Whats the story with Directions to the Place just so i know where im heading to from Dundee


----------



## Chris_4536 (Sep 20, 2006)

Click http://www.multimap.com/maps/#map=56.41425,-3.21726|15|4&loc=GB:56.41397:-3.22196:16|errol|


----------



## BioHzrd (May 27, 2007)

Ill still manage to get lost lol....Who else is coming from or going through Dundee ?? so i can tag along


----------



## German Taxi (Nov 6, 2007)

Is anyone bringing along any bits of their 'collection' to show around, like comparing products etc? Is that a stupid question? Or is that the whole point and it's just a given that there will loads of gear there?

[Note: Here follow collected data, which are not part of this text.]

lemma dual_obj_strictly_convex:
  fixes X Y K :: "real^'n^'n"
  assumes "pos_def X" "pos_def Y" "X \<noteq> Y" "0 < t" "t < 1"
  shows "dual_obj K ((1 - t) *\<^sub>R X + t *\<^sub>R Y) < (1 - t) * dual_obj K X + t * dual_obj K Y"
proof -
  define Z where "Z = (1 - t) *\<^sub>R X + t *\<^sub>R Y"
  have "pos_def Z"
    unfolding Z_def using assms by (intro pos_def_convex_comb) auto
  then obtain G where G: "G ** Z = mat 1"
    by (rule pos_def_left_invertible)
  have "X \<noteq> Z"
    using assms(3,4) unfolding Z_def by (auto simp: algebra_simps)
  \<comment> \<open>Supporting-hyperplane inequality of - ln det at Z, applied to X and to Y.\<close>
  have "(1 - t) * (ln (det X) - ln (det Z)) + t * (ln (det Y) - ln (det Z))
      < (1 - t) * (trace (G ** X) - CARD('n)) + t * (trace (G ** Y) - CARD('n))"
  proof (rule add_less_le_mono)
    show "(1 - t) * (ln (det X) - ln (det Z)) < (1 - t) * (trace (G ** X) - CARD('n))"
      using ln_det_less_trace[OF \<open>pos_def Z\<close> assms(1) G \<open>X \<noteq> Z\<close>] assms(5) by simp
    show "t * (ln (det Y) - ln (det Z)) \<le> t * (trace (G ** Y) - CARD('n))"
      using ln_det_le_trace[OF \<open>pos_def Z\<close> assms(2) G] assms(4) by simp
  qed
  also have "\<dots> = trace (G ** Z) - CARD('n)"
    unfolding Z_def trace_convex_comb_mult by (simp add: algebra_simps)
  also have "\<dots> = 0"
    using G by (simp add: trace_I)
  finally have "(1 - t) * (ln (det X) - ln (det Z)) + t * (ln (det Y) - ln (det Z)) < 0" .
  moreover have "trace (Z ** K) = (1 - t) * trace (X ** K) + t * trace (Y ** K)"
    unfolding Z_def trace_mul_sym[of _ K] trace_convex_comb_mult ..
  ultimately show ?thesis
    unfolding dual_obj_def Z_def[symmetric] by (simp add: algebra_simps)
qed

lemma dual_obj_convex:
  fixes X Y K :: "real^'n^'n"
  assumes "pos_def X" "pos_def Y" "0 \<le> t" "t \<le> 1"
  shows "dual_obj K ((1 - t) *\<^sub>R X + t *\<^sub>R Y) \<le> (1 - t) * dual_obj K X + t * dual_obj K Y"
proof -
  consider "X = Y" | "t = 0" | "t = 1" | "X \<noteq> Y" "0 < t" "t < 1"
    using assms(3,4) by fastforce
  then show ?thesis
  proof cases
    case 1
    then have "(1 - t) *\<^sub>R X + t *\<^sub>R Y = X"
      by (simp flip: scaleR_add_left)
    with 1 show ?thesis
      by (simp add: algebra_simps)
  next
    case 4
    then show ?thesis
      using dual_obj_strictly_convex[OF assms(1,2)] by (simp add: less_imp_le)
  qed simp_all
qed

lemma B_model_supp_graph_self:
  assumes "pos_def S"
  shows "B_model (supp_graph S) S"
  using assms unfolding B_model_def supp_graph_def by auto

lemma B_model_convex_comb:
  assumes "B_model H X" "B_model H Y" "0 \<le> t" "t \<le> 1"
  shows "B_model H ((1 - t) *\<^sub>R X + t *\<^sub>R Y)"
  using assms pos_def_convex_comb unfolding B_model_def by auto

lemma eventually_A_model_segment:
  assumes "A_model E S" "B_model (supp_graph S) S'"
  shows "\<forall>\<^sub>F t in at_right 0. A_model E ((1 - t) *\<^sub>R S + t *\<^sub>R S')"
proof -
  have "pos_def S" "pos_def S'"
    using assms unfolding A_model_def B_model_def by auto
  have "\<forall>\<^sub>F t in at_right 0. E i j \<longrightarrow> 0 \<le> (1 - t) * S $ i $ j + t * S' $ i $ j" for i j
  proof (cases "S $ i $ j = 0")
    case True
    have "i \<noteq> j"
      using True pos_def_diagonal_pos[OF \<open>pos_def S\<close>, of i] by auto
    then have "S' $ i $ j = 0"
      using True assms(2) unfolding B_model_def supp_graph_def by auto
    with True show ?thesis
      by simp
  next
    case False
    show ?thesis
    proof (cases "E i j")
      case True
      then have "0 < S $ i $ j"
        using False assms(1) unfolding A_model_def by force
      moreover have "((\<lambda>t. (1 - t) * S $ i $ j + t * S' $ i $ j) \<longlongrightarrow> S $ i $ j) (at_right 0)"
        by (auto intro!: tendsto_eq_intros)
      ultimately have "\<forall>\<^sub>F t in at_right 0. 0 < (1 - t) * S $ i $ j + t * S' $ i $ j"
        by (rule order_tendstoD(1)[rotated])
      then show ?thesis
        by (rule eventually_mono) simp
    qed simp
  qed
  then have "\<forall>\<^sub>F t in at_right 0. \<forall>i j. E i j \<longrightarrow> 0 \<le> (1 - t) * S $ i $ j + t * S' $ i $ j"
    by (intro eventually_all_finite)
  moreover have "\<forall>\<^sub>F t in at_right (0::real). 0 \<le> t \<and> t \<le> 1"
    by (rule eventually_at_rightI[of 0 1]) auto
  ultimately show ?thesis
    unfolding A_model_def
    by eventually_elim (use \<open>pos_def S\<close> \<open>pos_def S'\<close> pos_def_convex_comb in auto)
qed

lemma dual_est_A_model_le_B_model:
  assumes "is_dual_est (A_model E) K S" "B_model (supp_graph S) S'"
  shows "dual_obj K S \<le> dual_obj K S'"
proof -
  have "A_model E S" and opt: "\<And>S''. A_model E S'' \<Longrightarrow> dual_obj K S \<le> dual_obj K S''"
    using assms(1) unfolding is_dual_est_def by auto
  have "\<forall>\<^sub>F t in at_right (0::real). 0 < t \<and> t < 1"
    by (rule eventually_at_rightI[of 0 1]) auto
  then have "\<forall>\<^sub>F t in at_right 0. (0 < t \<and> t < 1) \<and> A_model E ((1 - t) *\<^sub>R S + t *\<^sub>R S')"
    using eventually_A_model_segment[OF \<open>A_model E S\<close> assms(2)] by (rule eventually_conj)
  then obtain t where t: "0 < t" "t < 1" and "A_model E ((1 - t) *\<^sub>R S + t *\<^sub>R S')"
    using eventually_happens'[OF trivial_limit_at_right_real] by blast
  have "dual_obj K S \<le> dual_obj K ((1 - t) *\<^sub>R S + t *\<^sub>R S')"
    by (rule opt) fact
  also have "\<dots> \<le> (1 - t) * dual_obj K S + t * dual_obj K S'"
    using \<open>A_model E S\<close> assms(2) t unfolding A_model_def B_model_def
    by (intro dual_obj_convex) auto
  finally show ?thesis
    using t by (simp add: algebra_simps)
qed

lemma is_dual_est_unique:
  assumes convex: "\<And>X Y t. C X \<Longrightarrow> C Y \<Longrightarrow> 0 \<le> t \<Longrightarrow> t \<le> 1 \<Longrightarrow> C ((1 - t) *\<^sub>R X + t *\<^sub>R Y)"
    and pos: "\<And>X. C X \<Longrightarrow> pos_def X"
    and X: "is_dual_est C K X" and Y: "is_dual_est C K Y"
  shows "X = Y"
proof (rule ccontr)
  assume "X \<noteq> Y"
  have "C X" "C Y" "dual_obj K X = dual_obj K Y"
    using X Y unfolding is_dual_est_def by (auto intro: order.antisym)
  then have "dual_obj K X \<le> dual_obj K ((1 - 1/2) *\<^sub>R X + (1/2) *\<^sub>R Y)"
    using X convex[of X Y "1/2"] unfolding is_dual_est_def by auto
  also have "\<dots> < (1 - 1/2) * dual_obj K X + (1/2) * dual_obj K Y"
    using \<open>C X\<close> \<open>C Y\<close> \<open>X \<noteq> Y\<close> by (intro dual_obj_strictly_convex pos) auto
  finally show False
    using \<open>dual_obj K X = dual_obj K Y\<close> by simp
qed

theorem corollary5p2:
  fixes E :: "'n::finite \<Rightarrow> 'n \<Rightarrow> bool"
    and S Khat Scheck :: "real^'n^'n"
  assumes "simple_graph E"
    and "pos_semidef S"
    and "is_MLE E S Khat"
    and "is_dual_est (A_model E) Khat Scheck"
  shows "is_dual_est (B_model (supp_graph Scheck)) Khat Scheck
       \<and> (\<forall>S'. is_dual_est (B_model (supp_graph Scheck)) Khat S' \<longrightarrow> S' = Scheck)"
proof -
  have "A_model E Scheck"
    using assms(4) unfolding is_dual_est_def by blast
  then have "B_model (supp_graph Scheck) Scheck"
    unfolding A_model_def by (blast intro: B_model_supp_graph_self)
  then have est: "is_dual_est (B_model (supp_graph Scheck)) Khat Scheck"
    unfolding is_dual_est_def using dual_est_A_model_le_B_model[OF assms(4)] by blast
  moreover have "S' = Scheck" if "is_dual_est (B_model (supp_graph Scheck)) Khat S'" for S'
    using is_dual_est_unique[OF B_model_convex_comb _ that est] unfolding B_model_def by blast
  ultimately show ?thesis
    by blast
qed

end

Was wondering because there's going to be a Rupes demo and possibly other polishers. Is anyone planning on bringing other stuff?

I was thinking of chucking a few bits-and-bobs in the car, mostly based on questions/comments I've seen on the forum. Sometimes it's great to see stuff in the flesh, so to speak, even if it just puts you off buying it! Even simple stuff like comparing different brands of m/f or drying towels? Or a squirt of an air freshener?

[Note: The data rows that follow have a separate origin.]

(* Let $\overline{\mathbb P}$ be a probability measure on $\Omega_+^2$ such that $\overline{\mathbb P}[\{(\omega_1,\omega_2): \omega_1\le\omega_2\}]=1$ and such that, for $i=1,2$, $(\omega_i(x))_{x\ge0}$ is stationary and ergodic under $\overline{\mathbb P}$. For $i=1,2$ let $v_i$ denote the $\overline{\mathbb P}\times P_{0,\omega_i}$-a.s. constant limit of $X_n/n$ as $n\to\infty$. Then $v_1\le v_2$.
   Context: Cookie environments: $\Omega_+=([1/2,1]^{\mathbb N})^{\mathbb Z}$, $\omega(x)=(\omega(x,i))_{i\ge1}$; $\omega_1\le\omega_2$ means $\omega_1(x,i)\le\omega_2(x,i)$ for all $x\in\mathbb Z,i\ge1$. $P_{x,\omega}$ is the law of the nearest-neighbor process $(X_n)_{n\ge0}$ with $X_0=x$ which, on its $i$-th visit to site $z$, jumps to $z+1$ with probability $\omega(z,i)$ and to $z-1$ otherwise. $\overline{\mathbb P}\times P_{0,\omega_i}$ denotes the measure $\overline{\mathbb E}[P_{0,\omega_i}[\cdot]]$. (Under stationarity and ergodicity of the environment, $X_n/n$ converges almost surely to a deterministic constant.) *)

theory Defs
  imports "HOL-Probability.Probability"
begin

text \<open>An environment is encoded as a function
  \<open>\<omega> :: int \<Rightarrow> nat \<Rightarrow> real\<close> where \<open>\<omega> x k\<close> is the paper's \<open>\<omega>(x, k+1)\<close>,
  i.e. the right-jump probability on the \<open>(k+1)\<close>-th visit to \<open>x\<close>
  (equivalently: after \<open>k\<close> previous visits).\<close>

type_synonym env = "int \<Rightarrow> nat \<Rightarrow> real"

What about a pressure washer? Or a foam gun?

Sorry, never been to a meet before and just looking to help get the best out of it......


----------



## Epoch (Jul 30, 2006)

I might be taking the Mirka stuff (all depends on if we can securei t in the truck bed)

plus some other bits and bats (Waxes, Qd's)

Dave and Bryan will most probably have loads of stuff there too!


----------



## German Taxi (Nov 6, 2007)

Thanks Epoch.

Unlike you (judging from that garage!), I think I could get all my stuff in the car......but will hopefully resist the temptation!


----------



## Neil_S (Oct 26, 2005)

Bryan is this just a ruse to get many free labourers to paint your floor? :lol:


----------



## Epoch (Jul 30, 2006)

Neil_S said:


> Bryan is this just a ruse to get many free labourers to paint your floor? :lol:


We'll be acid bathing Steve's truck to etch the concrete prior to Bryan painting


----------



## blr123 (Oct 26, 2005)

Neil_S said:


> Bryan is this just a ruse to get many free labourers to paint your floor? :lol:


Shhhhh don't let on 

Bryan


----------



## L200 Steve (Oct 25, 2005)

German Taxi said:


> Is anyone bringing along any bits of their 'collection' to show around, like comparing products etc? Is that a stupid question? Or is that the whole point and it's just a given that there will loads of gear there?
> 
> Was wondering because there's going to be a Rupes demo and possibly other polishers. Is anyone planning on bringing other stuff?
> 
> ...


If all goes to plan....

I will be arriving with a Hilux packed with a wash kit, as I have heard that most of the water used in Yorkshire is piped from Scotland, so thought that I save the water companies some effort by taking my Hilux to the source to wash it.:doublesho

I also thought that it might be good to wash it with Autosmarts acid paint decontamination/ fallout remover whilst at the meet, followed by a major claying session to remove whatever the fallout remover leaves behind.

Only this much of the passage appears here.